The notebook will provide a benchmarking of seldon-core for maximum throughput test. We will run a stub model and test using REST and gRPC predictions. This will provide a maximum theoretical throughtput for model deployment in the given infrastructure scenario:
  
   * 1 replica of the model running on n1-standard-16 GCP node
   
For a real model the throughput would be less.

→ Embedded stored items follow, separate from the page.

lemma real_cond_exp_AE_eq_of_risk_eq:
  assumes G: "sigma_finite_subalgebra M G" "subalgebra F G"
    and Y: "Y \<in> borel_measurable M" "integrable M Y" "integrable M (\<lambda>x. (Y x)\<^sup>2)"
    and eq: "(\<integral>x. (Y x - real_cond_exp M G Y x)\<^sup>2 \<partial>M) = (\<integral>x. (Y x - real_cond_exp M F Y x)\<^sup>2 \<partial>M)"
  shows "AE x in M. real_cond_exp M G Y x = real_cond_exp M F Y x"
proof -
  let ?f = "real_cond_exp M F Y" and ?g = "real_cond_exp M G Y"
  have gF: "?g \<in> borel_measurable F"
    using measurable_from_subalg[OF G(2) borel_measurable_cond_exp] .
  have g2: "integrable M (\<lambda>x. (?g x)\<^sup>2)" "integrable M (\<lambda>x. (?f x)\<^sup>2)"
    using sigma_finite_subalgebra.integrable_real_cond_exp_square[OF G(1) Y(2,3)]
      integrable_real_cond_exp_square[OF Y(2,3)] .
  have "(\<integral>x. (?f x - ?g x)\<^sup>2 \<partial>M) = 0"
    using real_cond_exp_pythagoras[OF Y gF g2(1)] eq by simp
  then have "AE x in M. (?f x - ?g x)\<^sup>2 = 0"
    using integral_nonneg_eq_0_iff_AE[OF integrable_square_diff[OF _ _ g2(2) g2(1)]] by simp
  then show ?thesis by eventually_elim simp
qed

end

lemma G_class_mono:
  assumes "k \<le> k'"
  shows "G_class M R dmax k \<subseteq> G_class M R dmax k'"
  unfolding G_class_def using less_le_trans[OF _ assms] by blast

lemma sq_loss_eq_cond_exp_risk:
  assumes F: "sigma_finite_subalgebra M F"
    and Y: "Y \<in> borel_measurable M" "integrable M Y" "integrable M (\<lambda>\<omega>. (Y \<omega>)\<^sup>2)"
    and opt: "g\<^sub>0 \<in> G_class M R dmax k" "\<And>\<omega>. \<omega> \<in> space M \<Longrightarrow> g\<^sub>0 (R \<omega>) = real_cond_exp M F Y \<omega>"
    and meas: "\<And>g. g \<in> G_class M R dmax k \<Longrightarrow> (\<lambda>\<omega>. g (R \<omega>)) \<in> borel_measurable F"
  shows "sq_loss M Y R dmax k = (\<integral>\<omega>. (Y \<omega> - real_cond_exp M F Y \<omega>)\<^sup>2 \<partial>M)"
proof -
  let ?risk = "\<lambda>g. \<integral>\<omega>. (Y \<omega> - g (R \<omega>))\<^sup>2 \<partial>M"
  let ?min = "\<integral>\<omega>. (Y \<omega> - real_cond_exp M F Y \<omega>)\<^sup>2 \<partial>M"
  have "?risk g\<^sub>0 = ?min"
    using opt(2) by (intro Bochner_Integration.integral_cong) simp_all
  with imageI[OF opt(1), of ?risk] have attained: "?min \<in> ?risk ` G_class M R dmax k"
    by simp
  have lower_bound: "?min \<le> ?risk g" if g: "g \<in> G_class M R dmax k" for g
  proof -
    have "integrable M (\<lambda>\<omega>. (g (R \<omega>))\<^sup>2)" using g by (simp add: G_class_def)
    then have "?risk g = ?min + (\<integral>\<omega>. (real_cond_exp M F Y \<omega> - g (R \<omega>))\<^sup>2 \<partial>M)"
      by (rule sigma_finite_subalgebra.real_cond_exp_pythagoras[OF F Y meas[OF g]])
    then show ?thesis by simp
  qed
  show ?thesis
    unfolding sq_loss_def using attained by (rule cInf_eq_minimum) (auto intro: lower_bound)
qed

lemma sq_loss_eq_if_trailing_coordinates_vanish:
  assumes "d \<le> dmax" and R_space: "\<And>\<omega>. R \<omega> \<in> space (Rspace dmax)"
    and R_vanish: "\<And>\<omega> i. d \<le> i \<Longrightarrow> i < dmax \<Longrightarrow> R \<omega> i = 0"
  shows "sq_loss M Y R dmax d = sq_loss M Y R dmax dmax"
proof -
  let ?risk = "\<lambda>g. \<integral>\<omega>. (Y \<omega> - g (R \<omega>))\<^sup>2 \<partial>M"
  define \<pi> where "\<pi> r = (\<lambda>i\<in>{..<dmax}. if i < d then r i else (0::real))" for r :: "nat \<Rightarrow> real"
  have \<pi>_measurable: "\<pi> \<in> Rspace dmax \<rightarrow>\<^sub>M Rspace dmax"
    unfolding \<pi>_def by (intro measurable_restrict) (auto intro: measurable_component_singleton)
  have \<pi>_R: "\<pi> (R \<omega>) = R \<omega>" for \<omega>
  proof
    fix i show "\<pi> (R \<omega>) i = R \<omega> i"
      using R_vanish[of i] PiE_arb[OF R_space[of \<omega>, unfolded space_PiM], of i]
      by (cases "i < dmax") (auto simp: \<pi>_def)
  qed
  have \<pi>_eq: "\<pi> r = \<pi> r'" if "\<forall>i<d. r i = r' i" for r r'
    using that by (auto simp: \<pi>_def)
  have "?risk g \<in> ?risk ` G_class M R dmax d" if g: "g \<in> G_class M R dmax dmax" for g
  proof -
    have "(\<lambda>r. g (\<pi> r)) \<in> G_class M R dmax d"
      unfolding G_class_def mem_Collect_eq
    proof (intro conjI ballI impI)
      show "(\<lambda>r. g (\<pi> r)) \<in> borel_measurable (Rspace dmax)"
        using g by (intro measurable_compose[OF \<pi>_measurable]) (simp add: G_class_def)
      show "integrable M (\<lambda>\<omega>. (g (\<pi> (R \<omega>)))\<^sup>2)"
        using g by (simp add: G_class_def \<pi>_R)
      fix r r' :: "nat \<Rightarrow> real" assume "\<forall>i<d. r i = r' i"
      then show "g (\<pi> r) = g (\<pi> r')" by (metis \<pi>_eq)
    qed
    from imageI[OF this, of ?risk] show ?thesis by (simp add: \<pi>_R)
  qed
  then have "?risk ` G_class M R dmax dmax \<subseteq> ?risk ` G_class M R dmax d"
    by blast
  moreover have "?risk ` G_class M R dmax d \<subseteq> ?risk ` G_class M R dmax dmax"
    using G_class_mono[OF assms(1)] by (rule image_mono)
  ultimately show ?thesis by (simp add: sq_loss_def)
qed

lemma measurable_G_class_oracle_rep:
  fixes X :: "'a \<Rightarrow> 'b::euclidean_space"
  assumes "k \<le> d" "d \<le> dmax" and g: "g \<in> G_class M (oracle_rep X b d dmax) dmax k"
  shows "(\<lambda>\<omega>. g (oracle_rep X b d dmax \<omega>)) \<in> borel_measurable
           (vimage_algebra (space M) (\<lambda>\<omega>. orth_proj (span (b ` {..<k})) (X \<omega>)) borel)"
proof -
  let ?P = "orth_proj (span (b ` {..<k}))"
  define \<psi> where "\<psi> y = (\<lambda>i\<in>{..<dmax}. if i < k then b i \<bullet> y else (0::real))" for y
  have \<psi>_measurable: "\<psi> \<in> borel \<rightarrow>\<^sub>M Rspace dmax"
    unfolding \<psi>_def by (intro measurable_restrict) simp
  have g_measurable: "g \<in> borel_measurable (Rspace dmax)"
    and g_depends: "\<And>r r'. r \<in> space (Rspace dmax) \<Longrightarrow> r' \<in> space (Rspace dmax) \<Longrightarrow>
                       (\<forall>i<k. r i = r' i) \<Longrightarrow> g r = g r'"
    using g unfolding G_class_def by blast+
  have "g (oracle_rep X b d dmax \<omega>) = g (\<psi> (?P (X \<omega>)))" for \<omega>
  proof (rule g_depends)
    have "b i \<bullet> ?P (X \<omega>) = b i \<bullet> X \<omega>" if "i < k" for i
      using that by (intro inner_orth_proj subspace_span span_base) auto
    then show "\<forall>i<k. oracle_rep X b d dmax \<omega> i = \<psi> (?P (X \<omega>)) i"
      using assms(1,2) by (auto simp: oracle_rep_def \<psi>_def)
  qed (auto simp: oracle_rep_def \<psi>_def space_PiM)
  moreover have "(\<lambda>\<omega>. g (\<psi> (?P (X \<omega>))))
      \<in> borel_measurable (vimage_algebra (space M) (\<lambda>\<omega>. ?P (X \<omega>)) borel)"
    by (intro measurable_compose[OF measurable_vimage_algebra1]
        measurable_compose[OF \<psi>_measurable g_measurable]) simp
  ultimately show ?thesis by simp
qed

Future benchmarks will test realistic models scenarios.


## Create Cluster

Create a cluster of 4 nodes of machine type n1-standard-16. You can use GKE console or `gcloud` command line.

## Install helm

In [20]:
!kubectl -n kube-system create sa tiller
!kubectl create clusterrolebinding tiller --clusterrole cluster-admin --serviceaccount=kube-system:tiller
!helm init --service-account tiller

serviceaccount/tiller created
clusterrolebinding.rbac.authorization.k8s.io/tiller created
$HELM_HOME has been configured at /home/clive/.helm.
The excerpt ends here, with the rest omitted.